Constant care administration (CCA) collaboration within community pharmacologists and primary care doctors led to a significant increase in blood pressure for Medicare recipients with unlimited hypertension. Furthermore, the CCM model almost doubled revenue for the area practice and the physician group, according to a poster displayed at the 2019 NCPA Annual Convention.
The Organization Base
The collaboration was organized by the Northeast Iowa Family Practice Center (NEIFPC) and the Greenwood Pharmacy and Compounding Center. For the research, the first care facility provided the pharmacy to document attacks straight into their EHR. By the end of 9 months, the number of billable calls developed three-fold, and the assistance rendered appeared in a mean drop in systolic blood stress of 7.3 mmHg and a reduction in diastolic force of 3.0 mmHg.
“The aforementioned collaborative CCM hypertension project between a community pharmacy and primary care physician clinic was successful at improving patient blood pressure in a financially viable way,” write the authors of the paper, led by Robert Nichols, PharmD, from Greenwood Pharmacy and Compounding Center, wrote in their abstract. “Community pharmacists demonstrated their ability to modify drug therapy, document patient care notes in the clinic EHR, and receive CCM payments for services. Clinic CCM revenue also increased.”
Eligible patients enrolled in the CCM through NEIFPC had a blood pressure >130/80, with a mean of 140.4/77.9 mmHg. The mean age was 70.7 years, and a third had diabetes (34.6%). A quarter of patients were receiving at least three antihypertensives (26.9%), with the majority receiving 2 (46.2%). Revenue from the collaboration was shared between NEIFPC and Greenwood, based on a predefined formula (52.3% to 47.7%). Measures of time effort were gathered using Dulcian Health.

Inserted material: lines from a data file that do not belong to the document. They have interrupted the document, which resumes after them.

(* Let $\Omega A$ and $\Omega B$ be differential graded algebras over $A$ and $B$. Let $E$ be a $(B,A)$-bimodule together with a $k$-linear map $\nabla^0:E\to\Omega^1B\otimes_BE$ satisfying $\nabla^0(be)=db\otimes_Be+b\nabla^0(e)$ for all $b\in B$, $e\in E$, and a $(B,A)$-bimodule map $\sigma:E\otimes_A\Omega^1A\to\Omega^1B\otimes_BE$, such that $\nabla^0(ea)=\nabla^0(e)a+\sigma(e\otimes_A da)$ for all $e\in E$, $a\in A$. For $e\in E$ let $\sigma_e:\Omega^1A\to\Omega^1B\otimes_BE$, $\omega\mapsto\sigma(e\otimes_A\omega)$. Let $M$ be a right $A$-module and $\nabla_0:\mathrm{Hom}_A(\Omega^1A,M)\to M$ a hom-connection. Regard $\mathrm{Hom}_A(E,M)$ as a right $B$-module by $(gb)(e)=g(be)$, and identify $\mathrm{Hom}_B(\Omega^1B,\mathrm{Hom}_A(E,M))\cong\mathrm{Hom}_A(\Omega^1B\otimes_BE,M)$ via $f\mapsto(\omega\otimes_Be\mapsto f(\omega)(e))$. Then the formula $$\nabla_0^E(f)(e):=\nabla_0(f\circ\sigma_e)-f(\nabla^0(e)),\qquad f\in \mathrm{Hom}_A(\Omega^1B\otimes_BE,M),\ e\in E,$$ defines a map $\nabla^E_0:\mathrm{Hom}_B(\Omega^1B,\mathrm{Hom}_A(E,M))\to\mathrm{Hom}_A(E,M)$ (i.e. each $\nabla_0^E(f)$ is right $A$-linear), and $(\mathrm{Hom}_A(E,M),\nabla^E_0)$ is a hom-connection with respect to $\Omega B$.
   Context: All algebras are associative and unital over a field $k$. A differential graded algebra $\Omega A=\bigoplus_{n\ge0}\Omega^nA$ over $A=\Omega^0A$ has a degree-one differential $d$ with $d^2=0$ satisfying the graded Leibniz rule; similarly for $\Omega B$. For a right $A$-module $M$, $\mathrm{Hom}_A(-,-)$ denotes right $A$-linear maps, and $\mathrm{Hom}_A(\Omega^1A,M)$ is a right $A$-module via $(fa)(\omega)=f(a\omega)$. A (right) hom-connection on $M$ with respect to $\Omega A$ is a $k$-linear map $\nabla_0:\mathrm{Hom}_A(\Omega^1A,M)\to M$ with $\nabla_0(fa)=\nabla_0(f)a+f(da)$ for all $f$ and $a\in A$ (analogously with respect to $\Omega B$ for right $B$-modules). *)

theory Defs
  imports Main "HOL-Library.Function_Algebras"
begin

text \<open>A differential graded algebra over the field k, presented as a unital ring
  Om (the total algebra) together with a grading G (G n = Omega^n), a differential d
  and the structure map iota : k -> Om (a ring map into the centre of degree 0).
  The base algebra is A = G 0.\<close>

definition dga :: "('k::field \<Rightarrow> 'r::ring_1) \<Rightarrow> (nat \<Rightarrow> 'r set) \<Rightarrow> ('r \<Rightarrow> 'r) \<Rightarrow> bool" where
  "dga \<iota> G d \<longleftrightarrow>
     (\<forall>n. 0 \<in> G n \<and> (\<forall>x\<in>G n. \<forall>y\<in>G n. x + y \<in> G n) \<and> (\<forall>x\<in>G n. - x \<in> G n))
   \<and> (\<forall>m n. \<forall>x\<in>G m. \<forall>y\<in>G n. x * y \<in> G (m + n))
   \<and> 1 \<in> G 0
   \<and> (\<forall>x. \<exists>N c. (\<forall>n. c n \<in> G n) \<and> x = (\<Sum>n<N. c n))
   \<and> (\<forall>N c. (\<forall>n. c n \<in> G n) \<and> (\<Sum>n<N. c n) = 0 \<longrightarrow> (\<forall>n<N. c n = 0))
   \<and> (\<forall>c c'. \<iota> (c + c') = \<iota> c + \<iota> c' \<and> \<iota> (c * c') = \<iota> c * \<iota> c')
   \<and> \<iota> 1 = 1
   \<and> (\<forall>c. \<iota> c \<in> G 0 \<and> (\<forall>x. \<iota> c * x = x * \<iota> c))
   \<and> (\<forall>n. \<forall>x\<in>G n. d x \<in> G (Suc n))
   \<and> (\<forall>x y. d (x + y) = d x + d y)
   \<and> (\<forall>c x. d (\<iota> c * x) = \<iota> c * d x)
   \<and> (\<forall>x. d (d x) = 0)
   \<and> (\<forall>n. \<forall>x\<in>G n. \<forall>y. d (x * y) = d x * y + (-1) ^ n * x * d y)"

definition right_module :: "'r::ring_1 set \<Rightarrow> 'x::ab_group_add set \<Rightarrow> ('x \<Rightarrow> 'r \<Rightarrow> 'x) \<Rightarrow> bool" where
  "right_module R0 X act \<longleftrightarrow>
     0 \<in> X \<and> (\<forall>x\<in>X. \<forall>y\<in>X. x + y \<in> X) \<and> (\<forall>x\<in>X. - x \<in> X)
   \<and> (\<forall>x\<in>X. \<forall>r\<in>R0. act x r \<in> X)
   \<and> (\<forall>x\<in>X. \<forall>y\<in>X. \<forall>r\<in>R0. act (x + y) r = act x r + act y r)
   \<and> (\<forall>x\<in>X. \<forall>r\<in>R0. \<forall>s\<in>R0. act x (r + s) = act x r + act x s)
   \<and> (\<forall>x\<in>X. \<forall>r\<in>R0. \<forall>s\<in>R0. act x (r * s) = act (act x r) s)
   \<and> (\<forall>x\<in>X. act x 1 = x)"

definition left_module :: "'r::ring_1 set \<Rightarrow> 'x::ab_group_add set \<Rightarrow> ('r \<Rightarrow> 'x \<Rightarrow> 'x) \<Rightarrow> bool" where
  "left_module R0 X act \<longleftrightarrow>
     0 \<in> X \<and> (\<forall>x\<in>X. \<forall>y\<in>X. x + y \<in> X) \<and> (\<forall>x\<in>X. - x \<in> X)
   \<and> (\<forall>x\<in>X. \<forall>r\<in>R0. act r x \<in> X)
   \<and> (\<forall>x\<in>X. \<forall>y\<in>X. \<forall>r\<in>R0. act r (x + y) = act r x + act r y)
   \<and> (\<forall>x\<in>X. \<forall>r\<in>R0. \<forall>s\<in>R0. act (r + s) x = act r x + act s x)
   \<and> (\<forall>x\<in>X. \<forall>r\<in>R0. \<forall>s\<in>R0. act (r * s) x = act r (act s x))
   \<and> (\<forall>x\<in>X. act 1 x = x)"

definition bimodule :: "'b::ring_1 set \<Rightarrow> 'a::ring_1 set \<Rightarrow> ('k \<Rightarrow> 'b) \<Rightarrow> ('k \<Rightarrow> 'a)
    \<Rightarrow> 'x::ab_group_add set \<Rightarrow> ('b \<Rightarrow> 'x \<Rightarrow> 'x) \<Rightarrow> ('x \<Rightarrow> 'a \<Rightarrow> 'x) \<Rightarrow> bool" where
  "bimodule B0 A0 \<iota>B \<iota>A X l r \<longleftrightarrow>
     left_module B0 X l \<and> right_module A0 X r
   \<and> (\<forall>b\<in>B0. \<forall>a\<in>A0. \<forall>x\<in>X. r (l b x) a = l b (r x a))
   \<and> (\<forall>c. \<forall>x\<in>X. l (\<iota>B c) x = r x (\<iota>A c))"

text \<open>T together with tens : X \<times> Y \<rightarrow> T is a tensor product X \<otimes>_R Y of the right R-module X
  and the left R-module Y: tens is biadditive and R-balanced, its image generates T, and
  every biadditive balanced map into the abelian group 'z factors through an additive map
  on T (universal property, tested against target type 'z).\<close>

definition is_tensor :: "'r::ring_1 set \<Rightarrow> ('x::ab_group_add \<Rightarrow> 'r \<Rightarrow> 'x) \<Rightarrow> 'x set
    \<Rightarrow> ('r \<Rightarrow> 'y::ab_group_add \<Rightarrow> 'y) \<Rightarrow> 'y set \<Rightarrow> ('x \<Rightarrow> 'y \<Rightarrow> 't::ab_group_add)
    \<Rightarrow> 'z::ab_group_add itself \<Rightarrow> bool" where
  "is_tensor R0 mX X mY Y tens (z::'z itself) \<longleftrightarrow>
     (\<forall>x\<in>X. \<forall>x'\<in>X. \<forall>y\<in>Y. tens (x + x') y = tens x y + tens x' y)
   \<and> (\<forall>x\<in>X. \<forall>y\<in>Y. \<forall>y'\<in>Y. tens x (y + y') = tens x y + tens x y')
   \<and> (\<forall>x\<in>X. \<forall>r\<in>R0. \<forall>y\<in>Y. tens (mX x r) y = tens x (mY r y))
   \<and> (\<forall>t. \<exists>(n::nat) xs ys. (\<forall>i<n. xs i \<in> X \<and> ys i \<in> Y) \<and> t = (\<Sum>i<n. tens (xs i) (ys i)))
   \<and> (\<forall>\<phi> :: 'x \<Rightarrow> 'y \<Rightarrow> 'z.
        (\<forall>x\<in>X. \<forall>x'\<in>X. \<forall>y\<in>Y. \<phi> (x + x') y = \<phi> x y + \<phi> x' y)
      \<and> (\<forall>x\<in>X. \<forall>y\<in>Y. \<forall>y'\<in>Y. \<phi> x (y + y') = \<phi> x y + \<phi> x y')
      \<and> (\<forall>x\<in>X. \<forall>r\<in>R0. \<forall>y\<in>Y. \<phi> (mX x r) y = \<phi> x (mY r y))
      \<longrightarrow> (\<exists>\<psi> :: 't \<Rightarrow> 'z. (\<forall>s t. \<psi> (s + t) = \<psi> s + \<psi> t)
                           \<and> (\<forall>x\<in>X. \<forall>y\<in>Y. \<psi> (tens x y) = \<phi> x y)))"

text \<open>Hom_A(Omega^1, X): right A-linear maps from Omega^1 (carrier Om1 inside the total
  algebra, A with carrier A0) to the right A-module X; maps are normalised to 0 outside Om1.\<close>

definition homOm :: "'r::ring_1 set \<Rightarrow> 'r set \<Rightarrow> 'x::ab_group_add set \<Rightarrow> ('x \<Rightarrow> 'r \<Rightarrow> 'x)
    \<Rightarrow> ('r \<Rightarrow> 'x) set" where
  "homOm A0 Om1 X act =
     {f. (\<forall>\<omega>\<in>Om1. f \<omega> \<in> X)
       \<and> (\<forall>\<omega>\<in>Om1. \<forall>\<omega>'\<in>Om1. f (\<omega> + \<omega>') = f \<omega> + f \<omega>')
       \<and> (\<forall>\<omega>\<in>Om1. \<forall>a\<in>A0. f (\<omega> * a) = act (f \<omega>) a)
       \<and> (\<forall>\<omega>. \<omega> \<notin> Om1 \<longrightarrow> f \<omega> = 0)}"
locale graded_ring =
  fixes S :: "'s set" and mul :: "'s \<Rightarrow> 's \<Rightarrow> 's" and z :: 's
    and Rs :: "'s \<Rightarrow> 'a::ring set"
  assumes graded: "graded_inducing S mul z Rs"
begin

lemma homogI: "s \<in> S \<Longrightarrow> x \<in> Rs s \<Longrightarrow> x \<in> homog S Rs"
  unfolding homog_def by blast

lemma homogE:
  assumes "x \<in> homog S Rs"
  obtains s where "s \<in> S" "x \<in> Rs s"
  using assms unfolding homog_def by blast

lemma zero_mem: "s \<in> S \<Longrightarrow> 0 \<in> Rs s"
  using graded by (simp add: graded_inducing_def)

lemma diff_mem: "s \<in> S \<Longrightarrow> x \<in> Rs s \<Longrightarrow> y \<in> Rs s \<Longrightarrow> x - y \<in> Rs s"
  using graded by (simp add: graded_inducing_def)

lemma add_mem: "s \<in> S \<Longrightarrow> x \<in> Rs s \<Longrightarrow> y \<in> Rs s \<Longrightarrow> x + y \<in> Rs s"
  using diff_closed_add[of "Rs s" x y] zero_mem diff_mem by blast

lemma sum_mem: "finite A \<Longrightarrow> s \<in> S \<Longrightarrow> \<forall>a\<in>A. g a \<in> Rs s \<Longrightarrow> sum g A \<in> Rs s"
  by (induction A rule: finite_induct) (auto intro: add_mem zero_mem)

lemma mul_mem: "s \<in> S \<Longrightarrow> t \<in> S \<Longrightarrow> x \<in> Rs s \<Longrightarrow> y \<in> Rs t \<Longrightarrow> x * y \<in> Rs (mul s t)"
  using graded by (simp add: graded_inducing_def)

lemma mul_closed: "s \<in> S \<Longrightarrow> t \<in> S \<Longrightarrow> mul s t \<in> S"
  using graded by (simp add: graded_inducing_def)

lemma degree_neq_zero: "x \<in> Rs s \<Longrightarrow> x \<noteq> 0 \<Longrightarrow> s \<noteq> z"
  using graded by (auto simp: graded_inducing_def)

lemma graded_decomposition_ex1: "\<exists>!f. graded_decomposition S Rs x f"
proof -
  have "\<forall>x. \<exists>!f. graded_decomposition S Rs x f"
    using graded unfolding graded_inducing_def graded_decomposition_def by (elim conjE)
  then show ?thesis ..
qed

lemma graded_decomposition_unique:
  "graded_decomposition S Rs x f \<Longrightarrow> graded_decomposition S Rs x g \<Longrightarrow> f = g"
  using graded_decomposition_ex1 by blast

lemma graded_decomposition_homog:
  assumes "s \<in> S" "x \<in> Rs s"
  shows "graded_decomposition S Rs x (\<lambda>u. if u = s then x else 0)"
proof -
  have "{u. (if u = s then x else 0) \<noteq> 0} = (if x = 0 then {} else {s})" by auto
  then show ?thesis unfolding graded_decomposition_def using assms zero_mem by auto
qed

lemma homog_degree_unique:
  assumes "p \<in> S" "q \<in> S" "x \<in> Rs p" "x \<in> Rs q" "x \<noteq> 0"
  shows "p = q"
proof -
  have "(\<lambda>u. if u = p then x else 0) = (\<lambda>u. if u = q then x else 0)"
    using graded_decomposition_unique graded_decomposition_homog assms by blast
  then show ?thesis using assms(5) by metis
qed
lemma eq_if_box_sum_list_le:
  assumes "\<mu> \<in> box \<kappa>" and "sum_list \<kappa> \<le> sum_list \<mu>"
  shows "\<kappa> = \<mu>"
proof (rule ccontr)
  assume "\<kappa> \<noteq> \<mu>"
  moreover have len: "length \<mu> = length \<kappa>" and le: "\<forall>i<length \<kappa>. \<mu>!i \<le> \<kappa>!i"
    using assms(1) by (auto simp: box_def)
  ultimately obtain j where j: "j < length \<kappa>" "\<mu>!j < \<kappa>!j"
    by (metis le le_neq_implies_less nth_equalityI)
  have "(\<Sum>i<length \<kappa>. \<mu>!i) < (\<Sum>i<length \<kappa>. \<kappa>!i)"
    using j le by (intro sum_strict_mono_ex1) auto
  then show False
    using assms(2) len by (simp add: sum_list_sum_nth atLeast0LessThan)
qed

lemma sum_list_le_if_in_box: "\<nu> \<in> box \<mu> \<Longrightarrow> sum_list \<nu> \<le> sum_list \<mu>"
  unfolding box_def by (auto simp: sum_list_sum_nth atLeast0LessThan intro!: sum_mono)

lemma sum_box_divided_differences:
  fixes c :: "nat \<Rightarrow> 'a::field"
  assumes W: "\<And>m k. k \<le> m \<Longrightarrow> (\<Sum>a\<le>m. W m a * c a ^ k) = (if k = m then 1 else 0)"
    and len: "length \<mu> = n" "length \<kappa> = n" and \<kappa>: "\<kappa> = \<mu> \<or> \<mu> \<notin> box \<kappa>"
  shows "(\<Sum>\<nu>\<in>box \<mu>. \<Prod>i<n. W (\<mu>!i) (\<nu>!i) * c (\<nu>!i) ^ (\<kappa>!i)) = (if \<kappa> = \<mu> then 1 else 0)"
proof -
  have "(\<Sum>\<nu>\<in>box \<mu>. \<Prod>i<n. W (\<mu>!i) (\<nu>!i) * c (\<nu>!i) ^ (\<kappa>!i)) =
      (\<Prod>i<n. \<Sum>a\<le>\<mu>!i. W (\<mu>!i) a * c a ^ (\<kappa>!i))"
    using sum_box_prod[of "\<lambda>i a. W (\<mu>!i) a * c a ^ (\<kappa>!i)" \<mu>] len by simp
  also have "\<dots> = (if \<kappa> = \<mu> then 1 else 0)"
  proof (cases "\<kappa> = \<mu>")
    case False
    then obtain i where "i < n" "\<kappa>!i < \<mu>!i"
      using len \<kappa> by (auto simp: box_def not_le)
    then have "(\<Sum>a\<le>\<mu>!i. W (\<mu>!i) a * c a ^ (\<kappa>!i)) = 0"
      using W by simp
    then have "(\<Prod>i<n. \<Sum>a\<le>\<mu>!i. W (\<mu>!i) a * c a ^ (\<kappa>!i)) = 0"
      using \<open>i < n\<close> by (intro prod_zero) auto
    then show ?thesis
      using False by simp
  qed (simp add: W)
  finally show ?thesis .
qed

lemma lower_set_vandermonde_kernel:
  fixes c :: "nat \<Rightarrow> 'a::field" and u :: "nat list \<Rightarrow> 'a"
  assumes inj: "inj c" and fin: "finite D" and lower: "lower_set D"
    and len: "\<forall>\<nu>\<in>D. length \<nu> = n"
    and ker: "\<forall>\<nu>\<in>D. (\<Sum>\<kappa>\<in>D. u \<kappa> * (\<Prod>i<n. c (\<nu>!i) ^ (\<kappa>!i))) = 0"
  shows "\<forall>\<kappa>\<in>D. u \<kappa> = 0"
proof (rule ccontr)
  assume "\<not> (\<forall>\<kappa>\<in>D. u \<kappa> = 0)"
  then obtain \<mu> where \<mu>: "\<mu> \<in> D" "u \<mu> \<noteq> 0"
    and top: "\<And>\<kappa>. \<kappa> \<in> D \<Longrightarrow> u \<kappa> \<noteq> 0 \<Longrightarrow> sum_list \<kappa> \<le> sum_list \<mu>"
  proof -
    let ?S = "{\<kappa>\<in>D. u \<kappa> \<noteq> 0}"
    have S: "finite ?S" "?S \<noteq> {}"
      using fin \<open>\<not> (\<forall>\<kappa>\<in>D. u \<kappa> = 0)\<close> by auto
    have "Max (sum_list ` ?S) \<in> sum_list ` ?S"
      using S by (intro Max_in) auto
    then obtain \<mu> where "\<mu> \<in> ?S" "sum_list \<mu> = Max (sum_list ` ?S)"
      by auto
    then show thesis
      using that S(1) by (metis (mono_tags, lifting) Max_ge finite_imageI image_eqI mem_Collect_eq)
  qed
  have "\<forall>m. \<exists>w. \<forall>k\<le>m. (\<Sum>a\<le>m. w a * c a ^ k) = (if k = m then 1 else 0)"
    using divided_difference_weights[OF inj_on_subset[OF inj subset_UNIV]] by blast
  then obtain W where W: "\<And>m k. k \<le> m \<Longrightarrow> (\<Sum>a\<le>m. W m a * c a ^ k) = (if k = m then 1 else 0)"
    by metis
  \<comment> \<open>Apply to the kernel equations the product over the coordinates of the divided differences
    on the nodes below \<open>\<mu>\<close>: it kills every monomial other than \<open>x^\<mu>\<close> that occurs.\<close>
  have "0 = (\<Sum>\<nu>\<in>box \<mu>. (\<Prod>i<n. W (\<mu>!i) (\<nu>!i)) * (\<Sum>\<kappa>\<in>D. u \<kappa> * (\<Prod>i<n. c (\<nu>!i) ^ (\<kappa>!i))))"
    using ker lower \<mu> by (intro sum.neutral[symmetric]) (auto simp: lower_set_def)
  also have "\<dots> = (\<Sum>\<kappa>\<in>D. u \<kappa> * (\<Sum>\<nu>\<in>box \<mu>. \<Prod>i<n. W (\<mu>!i) (\<nu>!i) * c (\<nu>!i) ^ (\<kappa>!i)))"
    by (simp add: sum_distrib_left sum_distrib_right prod.distrib mult_ac sum.swap[of _ "box \<mu>"])
  also have "\<dots> = (\<Sum>\<kappa>\<in>D. if \<kappa> = \<mu> then u \<mu> else 0)"
  proof (rule sum.cong[OF refl])
    fix \<kappa> assume "\<kappa> \<in> D"
    then have "\<kappa> = \<mu> \<or> \<mu> \<notin> box \<kappa> \<or> u \<kappa> = 0"
      using eq_if_box_sum_list_le top by blast
    then show "u \<kappa> * (\<Sum>\<nu>\<in>box \<mu>. \<Prod>i<n. W (\<mu>!i) (\<nu>!i) * c (\<nu>!i) ^ (\<kappa>!i)) =
        (if \<kappa> = \<mu> then u \<mu> else 0)"
      using sum_box_divided_differences[OF W] len \<mu>(1) \<open>\<kappa> \<in> D\<close> by auto
  qed
  also have "\<dots> = u \<mu>"
    using \<mu> fin by (simp add: sum.delta')
  finally show False
    using \<mu> by simp
qed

Overall, the program involved 26 patients who attended the pharmacy at least once. There were 6411 minutes of CCM service rendered completely the nine months of the plan, which was distributed evenly between the primary care facility (3390 minutes) and the medicine (3021 minutes).
At nine months post-initiation, the mean blood pressure was 133.1/74.9 mmHg, which was a significant deterioration from baseline (P = .02). There were 98 patient data entered by the pharmacologists, with a total of 18 turnovers in blood pressure medicine lacked throughout the design.
The CCM collaboration billed 142 claims, significantly above the 57 statements in the doctor practice alone during the same time frame. The total income ultimately, the project was $5842, which was considerably more than the $2535 for NEIFPC alone. Revenue in the mixed group was classified as $3057 for the first care site and $2785 for the medicine, both of which were above single institution expectations.
Of the cases, 100 were 99490 (CCM), 26 were 99487 (complex CCM), and 16 were 99489 (additional complex CCM). The income increased per hour spent compared to $55.30 per hour for population pharmacologist time.
“Society pharmaceutists were victorious in changing drug therapy and documenting patient care notes in clinic EHR,” the authors wrote. “Future CCM revenue distribution may be analyzed by using proration, based on overall time rather than by per claim analysis of time effort.”